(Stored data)
——————

text \<open>Along two trajectories that stay near \<open>xs\<close>, a positive value of the cone form would grow
  at least linearly in \<open>k\<close>, while it is bounded by \<open>L (2 r)\<^sup>2\<close>.\<close>

lemma cone_form_nonpos_on_local_stable_set:
  assumes \<gamma>: "0 < \<gamma>" and c: "c > 0"
    and growth: "\<And>x y. x \<in> cball xs r \<Longrightarrow> y \<in> cball xs r \<Longrightarrow> cone_form \<gamma> (x - y) \<ge> 0 \<Longrightarrow>
       cone_form \<gamma> (pbcd f \<alpha> B x - pbcd f \<alpha> B y) \<ge> cone_form \<gamma> (x - y) + c * (norm (x - y))^2"
    and x: "x \<in> local_stable_set r" and y: "y \<in> local_stable_set r"
  shows "cone_form \<gamma> (x - y) \<le> 0"
proof (rule ccontr)
  define F where "F = pbcd f \<alpha> B"
  define e where "e k = (F ^^ k) x - (F ^^ k) y" for k
  define q where "q = cone_form \<gamma> (x - y)"
  assume "\<not> cone_form \<gamma> (x - y) \<le> 0"
  then have q: "q > 0"
    by (simp add: q_def)
  have xk: "(F ^^ k) x \<in> cball xs r" and yk: "(F ^^ k) y \<in> cball xs r" for k
    using x y by (simp_all add: local_stable_set_def F_def)
  define a where "a = c * q / L"
  have a: "a > 0"
    using c q L_pos by (simp add: a_def)
  have step: "a \<le> c * (norm (e k))^2" if "cone_form \<gamma> (e k) \<ge> q" for k
  proof -
    have "q \<le> L * (norm (e k))^2"
      using that cone_form_le[of \<gamma> "e k"] \<gamma> by simp
    then show ?thesis
      using c L_pos by (simp add: a_def field_simps)
  qed
  have linear: "cone_form \<gamma> (e k) \<ge> q + k * a" for k
  proof (induction k)
    case (Suc k)
    have "k * a \<ge> 0"
      using a by simp
    then have "cone_form \<gamma> (e k) \<ge> q"
      using Suc by linarith
    then have "cone_form \<gamma> (e (Suc k)) \<ge> cone_form \<gamma> (e k) + c * (norm (e k))^2"
      using growth[OF xk yk] q by (simp add: e_def F_def)
    then show ?case
      using Suc step[OF \<open>cone_form \<gamma> (e k) \<ge> q\<close>] by (simp add: algebra_simps)
  qed (simp add: e_def q_def)
  have bounded: "cone_form \<gamma> (e k) \<le> L * (2*r)^2" for k
  proof -
    have "norm (e k) \<le> dist ((F ^^ k) x) xs + dist xs ((F ^^ k) y)"
      unfolding e_def dist_norm using norm_triangle_ineq[of "(F ^^ k) x - xs" "xs - (F ^^ k) y"] by simp
    also have "\<dots> \<le> 2*r"
      using xk[of k] yk[of k] by (simp add: dist_commute)
    finally have "(norm (e k))^2 \<le> (2*r)^2"
      by (intro power_mono) auto
    have "cone_form \<gamma> (e k) \<le> L * (norm (e k))^2"
      using \<gamma> by (intro cone_form_le) simp
    also have "\<dots> \<le> L * (2*r)^2"
      using L_pos \<open>(norm (e k))^2 \<le> (2*r)^2\<close> by (intro mult_left_mono) auto
    finally show ?thesis .
  qed
  obtain k :: nat where "L * (2*r)^2 < k * a"
    using reals_Archimedean3[OF a] by blast
  then show False
    using linear[of k] bounded[of k] q by linarith
qed

lemma norm_le_of_cone_form_nonpos:
  assumes u: "norm u = 1" and Hu: "H *v u = \<mu> *\<^sub>R u" and \<gamma>: "0 \<le> \<gamma>" "\<gamma> < - \<mu>"
    and Q: "cone_form \<gamma> d \<le> 0"
  shows "norm d \<le> (1 + sqrt ((L + \<gamma>) / (- \<mu> - \<gamma>))) * norm (d - (d \<bullet> u) *\<^sub>R u)"
proof -
  define t where "t = d \<bullet> u"
  define w where "w = d - t *\<^sub>R u"
  have uu: "u \<bullet> u = 1"
    using u by (simp add: norm_eq_1)
  have d: "d = t *\<^sub>R u + w"
    by (simp add: w_def)
  have wu: "w \<bullet> u = 0"
    by (simp add: w_def t_def inner_diff_left uu)
  have uHw: "u \<bullet> (H *v w) = 0"
    using hessian_sym[of u w] Hu wu by (simp add: inner_commute)
  have dHd: "d \<bullet> (H *v d) = t^2 * \<mu> + w \<bullet> (H *v w)"
    unfolding d using uHw wu uu
    by (simp add: matrix_vector_right_distrib matrix_vector_mult_scaleR Hu inner_add_left inner_add_right
        inner_commute power2_eq_square)
  have nd: "(norm d)^2 = t^2 + (norm w)^2"
    unfolding power2_norm_eq_inner d using wu uu
    by (simp add: inner_add_left inner_add_right inner_commute power2_eq_square)
  have "w \<bullet> (H *v w) \<le> L * (norm w)^2"
  proof -
    have "w \<bullet> (H *v w) \<le> norm w * norm (H *v w)"
      using Cauchy_Schwarz_ineq2[of w "H *v w"] by linarith
    also have "\<dots> \<le> norm w * (L * norm w)"
      by (intro mult_left_mono norm_hessian_le) auto
    finally show ?thesis
      by (simp add: power2_eq_square algebra_simps)
  qed
  then have "t^2 * (- \<mu> - \<gamma>) \<le> (L + \<gamma>) * (norm w)^2"
    using Q dHd nd by (simp add: cone_form_def algebra_simps)
  then have "t^2 \<le> ((L + \<gamma>) / (- \<mu> - \<gamma>)) * (norm w)^2"
    using \<gamma> by (simp add: field_simps)
  then have "sqrt (t^2) \<le> sqrt (((L + \<gamma>) / (- \<mu> - \<gamma>)) * (norm w)^2)"
    by (rule real_sqrt_le_mono)
  then have "\<bar>t\<bar> \<le> sqrt ((L + \<gamma>) / (- \<mu> - \<gamma>)) * norm w"
    by (simp only: real_sqrt_mult real_sqrt_abs abs_norm_cancel)
  moreover have "norm d \<le> \<bar>t\<bar> + norm w"
    using norm_triangle_ineq[of "t *\<^sub>R u" w] u d by simp
  ultimately show ?thesis
    by (simp add: w_def t_def algebra_simps)
qed

text \<open>Differences of points of the local stable set lie in a cone around the hyperplane orthogonal
  to a negative eigenvector \<open>u\<close> of \<open>H\<close>, so the set is a Lipschitz graph over that hyperplane.\<close>

lemma negligible_local_stable_set:
  assumes saddle: "lambda_min H < 0"
  obtains r where "r > 0" "negligible (local_stable_set r)"
proof -
  obtain \<mu> u where \<mu>: "\<mu> < 0" and u: "norm u = 1" and Hu: "H *v u = \<mu> *\<^sub>R u"
    using lambda_min_neg_imp_eigenvector[OF hessian_sym saddle] by blast
  obtain \<gamma> c r where \<gamma>: "0 < \<gamma>" "\<gamma> \<le> - \<mu> / 2" and c: "c > 0" and r: "r > 0"
    and growth: "\<And>x y. x \<in> cball xs r \<Longrightarrow> y \<in> cball xs r \<Longrightarrow> cone_form \<gamma> (x - y) \<ge> 0 \<Longrightarrow>
       cone_form \<gamma> (pbcd f \<alpha> B x - pbcd f \<alpha> B y) \<ge> cone_form \<gamma> (x - y) + c * (norm (x - y))^2"
    using cone_form_growth[of "- \<mu> / 2"] \<mu> by auto
  define \<pi> where "\<pi> z = z - (z \<bullet> u) *\<^sub>R u" for z
  have "negligible (\<pi> ` local_stable_set r)"
  proof (rule negligible_subset[OF negligible_hyperplane[of u 0]])
    show "\<pi> ` local_stable_set r \<subseteq> {z. u \<bullet> z = 0}"
      using u by (auto simp: \<pi>_def inner_diff_right inner_commute norm_eq_1)
  qed (use u in auto)
  moreover have "norm (x - y) \<le> (1 + sqrt ((L + \<gamma>) / (- \<mu> - \<gamma>))) * norm (\<pi> x - \<pi> y)"
    if "x \<in> local_stable_set r" "y \<in> local_stable_set r" for x y
  proof -
    have "(x - y) - ((x - y) \<bullet> u) *\<^sub>R u = \<pi> x - \<pi> y"
      by (simp add: \<pi>_def inner_diff_left algebra_simps)
    then show ?thesis
      using norm_le_of_cone_form_nonpos[OF u Hu _ _ cone_form_nonpos_on_local_stable_set[OF \<gamma>(1) c
            growth that]] \<gamma> \<mu> by simp
  qed
  ultimately have "negligible (local_stable_set r)"
    by (rule negligible_if_lipschitz_inverse)
  with r show ?thesis
    by (rule that)
qed

definition pbcd_undo :: "real^'n \<Rightarrow> real^'n" where
  "pbcd_undo = foldr block_undo B"

lemma pbcd_undo_pbcd: "pbcd_undo (pbcd f \<alpha> B x) = x"
proof -
  have "foldr block_undo l (fold (block_step f \<alpha>) l x) = x" for l
    by (induction l arbitrary: x) (auto simp: block_undo_block_step)
  then show ?thesis
    by (simp add: pbcd_undo_def pbcd_def)
qed

lemma funpow_pbcd_undo_pbcd: "(pbcd_undo ^^ N) ((pbcd f \<alpha> B ^^ N) x) = x"
proof (induction N)
  case (Suc N)
  have "(pbcd_undo ^^ Suc N) y = (pbcd_undo ^^ N) (pbcd_undo y)" for y
    by (simp add: funpow_Suc_right del: funpow.simps)
  then show ?case
    using Suc by (simp add: pbcd_undo_pbcd)
qed simp

lemma pbcd_undo_lipschitz: "norm (pbcd_undo x - pbcd_undo y) \<le> (1 + \<alpha> * L)^p * norm (x - y)"
proof -
  have "norm (foldr block_undo l x - foldr block_undo l y) \<le> (1 + \<alpha> * L)^length l * norm (x - y)" for l
  proof (induction l)
    case (Cons S l)
    have "norm (foldr block_undo (S # l) x - foldr block_undo (S # l) y)
        \<le> (1 + \<alpha> * L) * norm (foldr block_undo l x - foldr block_undo l y)"
      by (simp add: block_undo_lipschitz)
    also have "\<dots> \<le> (1 + \<alpha> * L) * ((1 + \<alpha> * L)^length l * norm (x - y))"
      using Cons step_pos L_pos by (intro mult_left_mono) auto
    finally show ?case
      by simp
  qed simp
  then show ?thesis
    by (simp add: pbcd_undo_def)
qed

lemma continuous_on_funpow_pbcd: "continuous_on UNIV (pbcd f \<alpha> B ^^ k)"
proof (rule lipschitz_on_continuous_on[OF lipschitz_onI])
  show "dist ((pbcd f \<alpha> B ^^ k) x) ((pbcd f \<alpha> B ^^ k) y) \<le> (block_lip^p)^k * dist x y" for x y
    using funpow_lipschitz[OF pbcd_lipschitz, of k x y] block_lip_ge_1 by (simp add: dist_norm)
  show "0 \<le> (block_lip^p)^k"
    using block_lip_ge_1 by simp
qed
lemma tmult_tpow_commute:
  assumes "finite S"
  shows "A \<odot> tpow S A n = tpow S A n \<odot> A"
proof (induction n)
  case 0
  show ?case using assms by (simp add: tone_tmult tmult_tone)
next
  case (Suc n)
  have "A \<odot> tpow S A (Suc n) = A \<odot> (tpow S A n \<odot> A)"
    by (simp only: tpow.simps Suc.IH)
  then show ?case
    by (simp only: tpow.simps tmult_assoc)
qed

lemma restricted_in_span:
  assumes "finite S" "restricted S X"
  shows "X \<in> tensor.span (tbasis ` (S \<times> S))"
proof -
  have "X = (\<Sum>p\<in>S \<times> S. tscale (X (fst p) (snd p)) (tbasis p))" (is "X = ?Y")
  proof (intro ext)
    fix i j
    have "?Y i j = (\<Sum>p\<in>S \<times> S. if (i, j) = p then X i j else 0)"
      by (auto simp: tensor_sum_apply tscale_def tbasis_def intro: sum.cong)
    also have "\<dots> = trestrict S X i j"
      using assms(1) by (simp add: trestrict_def)
    finally show "X i j = ?Y i j"
      using assms(2) by simp
  qed
  also have "\<dots> \<in> tensor.span (tbasis ` (S \<times> S))"
    by (intro tensor.span_sum tensor.span_scale tensor.span_base) auto
  finally show ?thesis .
qed

lemma tpow_linear_dependence:
  assumes "finite S"
  obtains f n where "\<exists>i<n. f i \<noteq> 0" "(\<Sum>i<n. tscale (f i) (tpow S A i)) = 0"
proof -
  define N where "N = card (S \<times> S)"
  show ?thesis
  proof (cases "inj_on (tpow S A) {..N}")
    case False
    then obtain i j where ij: "i \<le> N" "j \<le> N" "i \<noteq> j" "tpow S A i = tpow S A j"
      by (auto simp: inj_on_def)
    define f :: "nat \<Rightarrow> complex" where "f t = (if t = i then 1 else if t = j then -1 else 0)" for t
    have "(\<Sum>t<Suc N. tscale (f t) (tpow S A t))
        = (\<Sum>t<Suc N. (if t = i then tpow S A i else 0) - (if t = j then tpow S A j else 0))"
      by (rule sum.cong) (auto simp: f_def tscale_def fun_eq_iff ij)
    also have "\<dots> = 0"
      using ij by (simp add: sum_subtractf)
    finally show ?thesis
      using ij by (intro that[of "Suc N" f]) (auto simp: f_def)
  next
    case True
    define P where "P = tpow S A ` {..N}"
    have "P \<subseteq> tensor.span (tbasis ` (S \<times> S))"
      using assms by (auto simp: P_def intro: restricted_in_span)
    moreover have "card (tbasis ` (S \<times> S)) < card P"
      using True card_image_le[of "S \<times> S" tbasis] assms by (simp add: P_def N_def card_image)
    ultimately have "tensor.dependent P"
      using tensor.independent_span_bound[of "tbasis ` (S \<times> S)" P] assms by auto
    then obtain u where u: "\<exists>v\<in>P. u v \<noteq> 0" "(\<Sum>v\<in>P. tscale (u v) v) = 0"
      by (auto simp: tensor.dependent_finite P_def)
    have "(\<Sum>t<Suc N. tscale (u (tpow S A t)) (tpow S A t)) = 0"
      using u(2) by (simp add: P_def sum.reindex[OF True] lessThan_Suc_atMost)
    moreover obtain t where "t \<le> N" "u (tpow S A t) \<noteq> 0"
      using u(1) by (auto simp: P_def)
    ultimately show ?thesis
      by (intro that[of "Suc N" "u \<circ> tpow S A"]) (auto simp flip: less_Suc_eq_le)
  qed
qed

lemma tpow_sum_Suc:
  "(\<Sum>i<Suc n. tscale (f i) (tpow S A i))
     = tscale (f 0) (tone S) + A \<odot> (\<Sum>i<n. tscale (f (Suc i)) (tpow S A i))"
  unfolding sum.lessThan_Suc_shift by (simp add: tmult_sum_right tmult_tscale_right)

lemma annihilator_from_relation:
  assumes "finite S" "\<exists>i<n. f i \<noteq> 0" "tpow S A k \<odot> (\<Sum>i<n. tscale (f i) (tpow S A i)) = 0"
  shows "\<exists>k c Q. c \<noteq> 0 \<and> restricted S Q \<and> A \<odot> Q = Q \<odot> A
    \<and> tpow S A k \<odot> (tscale c (tone S) + A \<odot> Q) = 0"
  using assms(2,3)
proof (induction n arbitrary: f k)
  case 0
  then show ?case by simp
next
  case (Suc n)
  define Q where "Q = (\<Sum>i<n. tscale (f (Suc i)) (tpow S A i))"
  have Q: "restricted S Q" "A \<odot> Q = Q \<odot> A"
    using assms(1) by (simp_all add: Q_def trestrict_sum trestrict_tscale tmult_sum_left
        tmult_sum_right tmult_tscale_left tmult_tscale_right tmult_tpow_commute)
  have rel: "tpow S A k \<odot> (tscale (f 0) (tone S) + A \<odot> Q) = 0"
    using Suc.prems(2) by (simp only: Q_def tpow_sum_Suc)
  show ?case
  proof (cases "f 0 = 0")
    case False
    with Q rel show ?thesis by blast
  next
    case True
    then have "\<exists>i<n. f (Suc i) \<noteq> 0"
      using Suc.prems(1) less_Suc_eq_0_disj by auto
    moreover have "tpow S A (Suc k) \<odot> Q = 0"
    proof -
      have "tpow S A (Suc k) \<odot> Q = tpow S A k \<odot> (A \<odot> Q)"
        using assms(1) by (simp add: tmult_tpow_commute tmult_assoc)
      also have "\<dots> = 0"
        using rel True by simp
      finally show ?thesis .
    qed
    ultimately show ?thesis
      using Suc.IH[of "\<lambda>i. f (Suc i)" "Suc k"] by (simp add: Q_def)
  qed
qed

text \<open>What is left of a linear dependence among the powers of \<open>A\<close> after dividing out the
  largest power of \<open>A\<close> that it contains.\<close>

lemma annihilator:
  assumes "finite S"
  obtains k c Q where "c \<noteq> 0" "restricted S Q" "A \<odot> Q = Q \<odot> A"
    "tpow S A k \<odot> (tscale c (tone S) + A \<odot> Q) = 0"
proof -
  obtain f n where "\<exists>i<n. f i \<noteq> 0" "(\<Sum>i<n. tscale (f i) (tpow S A i)) = 0"
    using tpow_linear_dependence[OF assms] .
  then have "tpow S A 0 \<odot> (\<Sum>i<n. tscale (f i) (tpow S A i)) = 0"
    by simp
  then show ?thesis
    using annihilator_from_relation[OF assms] \<open>\<exists>i<n. f i \<noteq> 0\<close> that by blast
qed

lemma injective_imp_invertible:
  assumes "finite S" "restricted S M"
    and injective: "\<And>Y. restricted S Y \<Longrightarrow> M \<odot> Y = 0 \<Longrightarrow> Y = 0"
  obtains X where "restricted S X" "M \<odot> X = tone S" "X \<odot> M = tone S"
proof -
  obtain k c Q where c: "c \<noteq> 0" and Q: "restricted S Q" "M \<odot> Q = Q \<odot> M"
    and rel: "tpow S M k \<odot> (tscale c (tone S) + M \<odot> Q) = 0"
    using annihilator[OF assms(1)] .
  have cancel: "Y = 0" if "restricted S Y" "tpow S M n \<odot> Y = 0" for n Y
    using that(2)
  proof (induction n)
    case 0
    then show ?case
      using assms(1) that(1) by (simp add: tone_tmult)
  next
    case (Suc n)
    have "M \<odot> (tpow S M n \<odot> Y) = 0"
      using Suc.prems by (simp only: tpow.simps tmult_assoc)
    then have "tpow S M n \<odot> Y = 0"
      by (rule injective[rotated]) simp
    then show ?case
      by (rule Suc.IH)
  qed
  have "tscale c (tone S) + M \<odot> Q = 0"
    by (rule cancel[OF _ rel]) (simp add: trestrict_add trestrict_tscale)
  then have inverse: "tscale (- 1 / c) (M \<odot> Q) = tone S"
    by (rule tscale_solve[OF c])
  define X where "X = tscale (- 1 / c) Q"
  have "restricted S X"
    using Q(1) by (simp only: X_def trestrict_tscale)
  moreover have "M \<odot> X = tone S"
    using inverse by (simp only: X_def tmult_tscale_right)
  moreover have "X \<odot> M = tone S"
    using inverse by (simp only: X_def tmult_tscale_left Q(2))
  ultimately show thesis
    by (rule that)
qed

end

locale weighted = index_set +
  fixes M Minv :: tensor
  assumes finite_S: "finite S"
    and restricted_M: "restricted S M" and restricted_Minv: "restricted S Minv"
    and hermitian_M: "tH M = M"
    and M_Minv: "M \<odot> Minv = tone S" and Minv_M: "Minv \<odot> M = tone S"
    and definite: "\<And>X. restricted S X \<Longrightarrow> tH X \<odot> (M \<odot> X) = 0 \<Longrightarrow> X = 0"
begin

definition adj :: "tensor \<Rightarrow> tensor" where
  "adj C = Minv \<odot> (tH C \<odot> M)"

definition penrose :: "tensor \<Rightarrow> tensor \<Rightarrow> bool" where
  "penrose A X \<longleftrightarrow> A \<odot> X \<odot> A = A \<and> X \<odot> A \<odot> X = X
     \<and> adj (A \<odot> X) = A \<odot> X \<and> adj (X \<odot> A) = X \<odot> A"

lemma restricted_adj [simp]: "restricted S (adj C)"
  by (simp add: adj_def)

lemma tone_left: "restricted S A \<Longrightarrow> tone S \<odot> A = A"
  using tone_tmult[OF finite_S] by simp

lemma tone_right: "restricted S A \<Longrightarrow> A \<odot> tone S = A"
  using tmult_tone[OF finite_S] by simp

——————

* EXERCISE
Starting at the line that has "by (simp add: power2_eq_square" and ending at the line that has "local_stable_set r \<subseteq>", please write out the lines above exactly, leaving out all others.

* RESPONSE TO THIS TASK
      by (simp add: power2_eq_square algebra_simps)
  qed
  then have "t^2 * (- \<mu> - \<gamma>) \<le> (L + \<gamma>) * (norm w)^2"
    using Q dHd nd by (simp add: cone_form_def algebra_simps)
  then have "t^2 \<le> ((L + \<gamma>) / (- \<mu> - \<gamma>)) * (norm w)^2"
    using \<gamma> by (simp add: field_simps)
  then have "sqrt (t^2) \<le> sqrt (((L + \<gamma>) / (- \<mu> - \<gamma>)) * (norm w)^2)"
    by (rule real_sqrt_le_mono)
  then have "\<bar>t\<bar> \<le> sqrt ((L + \<gamma>) / (- \<mu> - \<gamma>)) * norm w"
    by (simp only: real_sqrt_mult real_sqrt_abs abs_norm_cancel)
  moreover have "norm d \<le> \<bar>t\<bar> + norm w"
    using norm_triangle_ineq[of "t *\<^sub>R u" w] u d by simp
  ultimately show ?thesis
    by (simp add: w_def t_def algebra_simps)
qed

text \<open>Differences of points of the local stable set lie in a cone around the hyperplane orthogonal
  to a negative eigenvector \<open>u\<close> of \<open>H\<close>, so the set is a Lipschitz graph over that hyperplane.\<close>

lemma negligible_local_stable_set:
  assumes saddle: "lambda_min H < 0"
  obtains r where "r > 0" "negligible (local_stable_set r)"
proof -
  obtain \<mu> u where \<mu>: "\<mu> < 0" and u: "norm u = 1" and Hu: "H *v u = \<mu> *\<^sub>R u"
    using lambda_min_neg_imp_eigenvector[OF hessian_sym saddle] by blast
  obtain \<gamma> c r where \<gamma>: "0 < \<gamma>" "\<gamma> \<le> - \<mu> / 2" and c: "c > 0" and r: "r > 0"
    and growth: "\<And>x y. x \<in> cball xs r \<Longrightarrow> y \<in> cball xs r \<Longrightarrow> cone_form \<gamma> (x - y) \<ge> 0 \<Longrightarrow>
       cone_form \<gamma> (pbcd f \<alpha> B x - pbcd f \<alpha> B y) \<ge> cone_form \<gamma> (x - y) + c * (norm (x - y))^2"
    using cone_form_growth[of "- \<mu> / 2"] \<mu> by auto
  define \<pi> where "\<pi> z = z - (z \<bullet> u) *\<^sub>R u" for z
  have "negligible (\<pi> ` local_stable_set r)"
  proof (rule negligible_subset[OF negligible_hyperplane[of u 0]])
    show "\<pi> ` local_stable_set r \<subseteq> {z. u \<bullet> z = 0}"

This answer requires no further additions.